[Stored data entries]
---*---

lemma Bessel_inequality:
  assumes f: "f \<in> L2I"
  shows "summable (\<lambda>i. (l2_ip f (\<phi> i))^2)" and "(\<Sum>i. (l2_ip f (\<phi> i))^2) \<le> l2_ip f f"
proof -
  have partial: "(\<Sum>i<N. (l2_ip f (\<phi> i))^2) \<le> l2_ip f f" for N
  proof -
    define h where "h = (\<lambda>x. \<Sum>i<N. l2_ip f (\<phi> i) * \<phi> i x)"
    define X where "X = (\<Sum>i<N. (l2_ip f (\<phi> i))^2)"
    have h: "h \<in> L2I" unfolding h_def by (rule L2I_sum) (rule basis_L2I)
    have "l2_ip h f = X"
      unfolding h_def X_def
      by (simp add: l2_ip_sum[OF basis_L2I f] l2_ip_commute[of "\<phi> _" f] power2_eq_square)
    moreover have "l2_ip h h = X"
    proof -
      have "l2_ip h h = (\<Sum>i<N. l2_ip f (\<phi> i) * l2_ip (\<phi> i) h)"
        using l2_ip_sum[OF basis_L2I h, where J="{..<N}" and c="\<lambda>i. l2_ip f (\<phi> i)"]
        by (simp add: h_def)
      also have "\<dots> = X"
        unfolding X_def power2_eq_square using l2_ip_commute[of "\<phi> _" h]
        by (intro sum.cong) (simp_all add: h_def l2_ip_finite_combination)
      finally show ?thesis .
    qed
    moreover have "0 \<le> X" unfolding X_def by (intro sum_nonneg) auto
    ultimately have "X^2 \<le> X * l2_ip f f"
      using l2_Cauchy_Schwarz[OF h f] by simp
    with \<open>0 \<le> X\<close> show ?thesis
      unfolding X_def[symmetric] by (cases "X = 0") (auto simp: power2_eq_square l2_ip_self_nonneg)
  qed
  show s: "summable (\<lambda>i. (l2_ip f (\<phi> i))^2)"
    by (rule summableI_nonneg_bounded[OF _ partial]) simp
  show "(\<Sum>i. (l2_ip f (\<phi> i))^2) \<le> l2_ip f f"
    by (rule suminf_le_const[OF s partial])
qed

end

locale weighted_basis = L2_orthonormal_basis +
  fixes w :: "nat \<Rightarrow> real"
  assumes weight_nonneg: "\<And>n. 0 \<le> w n" and weight_summable: "summable w"
    and weighted_square_summable: "\<And>x. x \<in> {0..1} \<Longrightarrow> summable (\<lambda>n. w n * (\<phi> n x)^2)"
begin

lemma summable_abs_expansion:
  "c \<in> weighted_l2 w \<Longrightarrow> x \<in> {0..1} \<Longrightarrow> summable (\<lambda>n. \<bar>c n * \<phi> n x\<bar>)"
  using weighted_Cauchy_Schwarz(1)[OF weight_nonneg _ weighted_square_summable] by blast

lemma expansion_sums:
  assumes "c \<in> weighted_l2 w" "x \<in> {0..1}"
  shows "(\<lambda>n. c n * \<phi> n x) sums expansion \<phi> c x"
  using summable_rabs_cancel[OF summable_abs_expansion[OF assms]] assms(2)
  by (simp add: expansion_def summable_sums)

lemma coef_space_eq: "coef_space \<phi> w = expansion \<phi> ` weighted_l2 w"
  using expansion_sums by (intro coef_space_eq_expansion) (auto dest: sums_summable)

---*---

(Required action) The records are given above. Copy each line in them that holds "where".

(Answer for this exercise)
    define h where "h = (\<lambda>x. \<Sum>i<N. l2_ip f (\<phi> i) * \<phi> i x)"
    define X where "X = (\<Sum>i<N. (l2_ip f (\<phi> i))^2)"
        using l2_ip_sum[OF basis_L2I h, where J="{..<N}" and c="\<lambda>i. l2_ip f (\<phi> i)"]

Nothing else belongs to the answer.